**What is required**: Copy out precisely the line that holds "V E v = card" and all the lines following it in the data, up to and including the last one, and no others.

[Dataset entries]
▽

(* Let $n\ge 3$ and let $\Delta(D_{2n})$ be the commuting graph of the dihedral group $D_{2n}$. (i) If $n$ is odd, the Sombor spectrum of $\Delta(D_{2n})$ consists of $-(n-1)\sqrt2$ with multiplicity $n-2$, $0$ with multiplicity $n-1$, and the three roots (with multiplicity) of \[x^3+\sqrt2(3n-n^2-2)x^2+(15n^2-9n^3-10n+2)x+\sqrt2(4n^5-16n^4+22n^3-14n^2+4n).\] (ii) If $n$ is even, the Sombor spectrum of $\Delta(D_{2n})$ consists of $-(2n-1)\sqrt2$ with multiplicity $1$, $-(n-1)\sqrt2$ with multiplicity $n-3$, $-3\sqrt2$ with multiplicity $n/2$, and the roots (with multiplicity) of \[\big(x-(2n-1)\sqrt2\big)\big(x-(n-1)(n-3)\sqrt2\big)(x-3\sqrt2)^{n/2}-2(n-2)(5n^2-6n+2)(x-3\sqrt2)^{n/2}-4n(2n^2-2n+5)\big(x-(n-3)(n-1)\sqrt2\big)(x-3\sqrt2)^{n/2-1}.\]
   Context: For a finite simple graph $\Gamma$ with vertices $u_1,\dots,u_N$, the Sombor matrix $S(\Gamma)$ has $(i,j)$ entry $\sqrt{\deg(u_i)^2+\deg(u_j)^2}$ if $u_i,u_j$ are adjacent and $0$ otherwise; the Sombor spectrum is the multiset of its eigenvalues. The dihedral group is $D_{2n}=\langle a,b: a^n=b^2=e,\ ba=a^{-1}b\rangle$ of order $2n$. The commuting graph $\Delta(G)$ of a group $G$ has vertex set $G$, two distinct vertices $x,y$ being adjacent iff $xy=yx$. *)

theory Defs
  imports "Jordan_Normal_Form.Char_Poly" "HOL-Algebra.Group"
begin

definition graph_degree :: "'a set \<Rightarrow> ('a \<Rightarrow> 'a \<Rightarrow> bool) \<Rightarrow> 'a \<Rightarrow> nat" where
  "graph_degree V E v = card {u \<in> V. E v u}"

definition sombor_matrix :: "'a set \<Rightarrow> ('a \<Rightarrow> 'a \<Rightarrow> bool) \<Rightarrow> 'a list \<Rightarrow> real mat" where
  "sombor_matrix V E vs = mat (length vs) (length vs)
     (\<lambda>(i, j). if E (vs ! i) (vs ! j)
               then sqrt (real (graph_degree V E (vs ! i)) ^ 2 + real (graph_degree V E (vs ! j)) ^ 2)
               else 0)"

definition commuting_adj :: "('a, 'b) monoid_scheme \<Rightarrow> 'a \<Rightarrow> 'a \<Rightarrow> bool" where
  "commuting_adj G x y \<longleftrightarrow> x \<noteq> y \<and> x \<otimes>\<^bsub>G\<^esub> y = y \<otimes>\<^bsub>G\<^esub> x"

△

**Task output**:
  "graph_degree V E v = card {u \<in> V. E v u}"

definition sombor_matrix :: "'a set \<Rightarrow> ('a \<Rightarrow> 'a \<Rightarrow> bool) \<Rightarrow> 'a list \<Rightarrow> real mat" where
  "sombor_matrix V E vs = mat (length vs) (length vs)
     (\<lambda>(i, j). if E (vs ! i) (vs ! j)
               then sqrt (real (graph_degree V E (vs ! i)) ^ 2 + real (graph_degree V E (vs ! j)) ^ 2)
               else 0)"

definition commuting_adj :: "('a, 'b) monoid_scheme \<Rightarrow> 'a \<Rightarrow> 'a \<Rightarrow> bool" where
  "commuting_adj G x y \<longleftrightarrow> x \<noteq> y \<and> x \<otimes>\<^bsub>G\<^esub> y = y \<otimes>\<^bsub>G\<^esub> x"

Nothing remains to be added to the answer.